The supply chain industry is no stranger to artificial intelligence as they take over tasks such as quality control, monitoring manufacturing products and even managing and influencing maintenance. Moreover, according to the Brookings Institution, more than 1.9 million robots have already been used by businesses to increase efficiency and reduce costs in warehouses and manufacturing factories globally. 

New technologies are also emerging, with the blockchain industry being at the forefront of this charge for the past half-decade. GlobalData reports that venture capital (VC) has invested at least US$14.8 billion into blockchains in 2021, and many global companies are seen building their businesses around technologies and focusing on Internet Technology (IT) solutions. The reach of the blockchain industry is massive, with entire developments such as blockchain in transportation and blockchain in shipping underway. These are set to transform the way supply chains operate and determine how business processes run in terms of efficiency and speed. 

Among other crypto networks, blockchain has emerged to be a potential game changer in not just the financial world, but that of logistics as well. Some areas where high potential lies in this regard include greatly enhancing supply chain management to improve the coordination between parties, enabling faster delivery of products, increasing products’ traceability, and minimising shipping costs altogether. 

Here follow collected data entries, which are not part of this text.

(* For every Hessenberg function $h$ on $\{1,\dots,n\}$, the $\mathbb{Q}$-linear extension $\Phi:M^{h,(n)}\to\operatorname{span}_{\mathbb{Q}}\mathcal{A}_h((n))$ is an isomorphism of graded vector spaces; equivalently, $\Phi$ is a degree-preserving bijection from the set of $(h,(n))$-fillings onto $\mathcal{A}_h((n))=\mathcal{B}_h$.
   Context: A Hessenberg function is $h:\{1,\dots,n\}\to\{1,\dots,n\}$, $h_i=h(i)$, with $i\le h_i$ and $h_i\le h_{i+1}$; degree tuple $\beta_i=i-\#\{k:h_k<i\}$; $\mathcal{B}_h=\{x_1^{\alpha_1}\cdots x_n^{\alpha_n}:0\le\alpha_i\le\beta_i-1\}$. An $(h,(n))$-filling is a permutation $T=w_1\cdots w_n$ of $1,\dots,n$ in one row with $w_t\le h(w_{t+1})$ for all $t$. A dimension pair of $T$ is $(a,b)$ with $b>a$, $b$ to the left of $a$, and, if $a$ is immediately followed by $c$, $b\le h(c)$. $\Phi(T)=\prod_{j=2}^n x_j^{|D^T_j|}$ with $D^T_j$ the set of dimension pairs $(a,j)$; $\mathcal{A}_h((n))$ is the set of all $\Phi(T)$. $M^{h,(n)}$ is the formal $\mathbb{Q}$-span of the $(h,(n))$-fillings, graded by number of dimension pairs; the span of monomials is graded by degree. *)

theory Defs
  imports Main
begin

text \<open>Hessenberg function on {1..n}, encoded as h :: nat => nat (values outside {1..n} irrelevant).\<close>
definition hessenberg :: "nat \<Rightarrow> (nat \<Rightarrow> nat) \<Rightarrow> bool" where
  "hessenberg n h \<longleftrightarrow>
     (\<forall>i\<in>{1..n}. i \<le> h i \<and> h i \<le> n) \<and> (\<forall>i. 1 \<le> i \<and> i < n \<longrightarrow> h i \<le> h (Suc i))"

definition degtuple :: "nat \<Rightarrow> (nat \<Rightarrow> nat) \<Rightarrow> nat \<Rightarrow> nat" where
  "degtuple n h i = i - card {k\<in>{1..n}. h k < i}"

But what exactly is blockchain’s relevance in supply chain management and how can you use it to your business’ advantage?

What is blockchain technology?

Blockchain is a public ledger that integrates all types of information — that of supply chain management and logistics included — to be distributed and decentralised across multiple digital networks, computer systems and databases. With its encrypted nature, blockchain technology stores a limitless amount of information and documentation within its system while providing a significant level of security to businesses as compared to traditional banking models dominantly used in the past.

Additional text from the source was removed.